Feijóo se hartó de hablar en nombre de España como si toda España le cupiese en el pecho. A Junqueras, siempre a punto de la transfiguración mística, no se le cae Catalunya de la boca, en un arrebato que comparte con su némesis y gemelo oscuro, Puigdemont, que sigue abonado también a Catalunya como su fuente de toda inspiración. Y pese al notable batacazo electoral último –suma y sigue– se empecinan en su papel de augures, aurúspices de lo inmediato y del porvenir. Y siguen perorando de parte con voluntad expresa de hablar en nombre de todos. Y eso que hace ya tiempo que descubrimos que no se soportan y que son como esos matrimonios unidos por la dote y el interés que fingen afecto mientras se prodigan pellizcos de monja, miradas aviesas y odios secretos y enconados.

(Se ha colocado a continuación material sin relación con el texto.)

lemma coprime_mult_eq_power_int:
  fixes a b c :: int
  assumes "a > 0" "b > 0" "coprime a b" "a * b = c ^ n" "n > 0"
  shows "\<exists>s>0. a = s ^ n"
proof -
  have "a * b = \<bar>c\<bar> ^ n" using assms by (metis abs_mult abs_of_pos power_abs mult_pos_pos)
  then have "nat a * nat b = nat \<bar>c\<bar> ^ n"
    using assms by (simp add: nat_mult_distrib[symmetric] nat_power_eq)
  moreover have "coprime (nat a) (nat b)"
    using assms by (simp add: coprime_int_iff[symmetric])
  ultimately have "is_nth_power n (nat a)"
    using assms by (intro is_nth_power_mult_coprime_natD(1)[of "nat a" "nat b"]) auto
  then obtain y where "nat a = y ^ n" by (auto elim: is_nth_powerE)
  then have "a = int y ^ n" using assms(1) by (metis int_nat_eq of_nat_power less_le)
  moreover have "y > 0" using calculation assms(1,5) by (cases "y = 0") (auto simp: power_0_left)
  ultimately show ?thesis by (intro exI[of _ "int y"]) auto
qed

lemma coprime_factors_of_power_int:
  fixes a b c :: int
  assumes "a > 0" "b > 0" "c > 0" "coprime a b" "a * b = c ^ n" "n > 0"
  obtains s t where "s > 0" "t > 0" "a = s ^ n" "b = t ^ n" "c = s * t"
proof -
  obtain s where s: "s > 0" "a = s ^ n" using coprime_mult_eq_power_int assms by blast
  obtain t where t: "t > 0" "b = t ^ n"
    using coprime_mult_eq_power_int[of b a c n] assms by (auto simp: coprime_commute mult.commute)
  have "(s * t) ^ n = c ^ n" using assms(5) s t by (simp add: power_mult_distrib)
  then have "c = s * t" using s t assms(3,6) by (simp add: power_eq_iff_eq_base)
  with s t show thesis using that by blast
qed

Catalunya o España, que nunca me han sido presentadas y a quienes no tengo el gusto de conocer, están formadas por esos millones de individuos que participan –no todos, esa es otra– de la democracia parlamentaria mediante las elecciones, donde deciden votar a quien más prefieran o detesten menos. Y sale lo que sale. Y a los resultados de las dos últimas elecciones me remito para decir que la metonimia y su abuso ya no es el camino. Y que ya no creemos en oráculos ni profetas. Metonimia ‘reloaded’ - Daniel Fernández
Acta est fabula!
Y ahora sí, vayámonos de vacaciones…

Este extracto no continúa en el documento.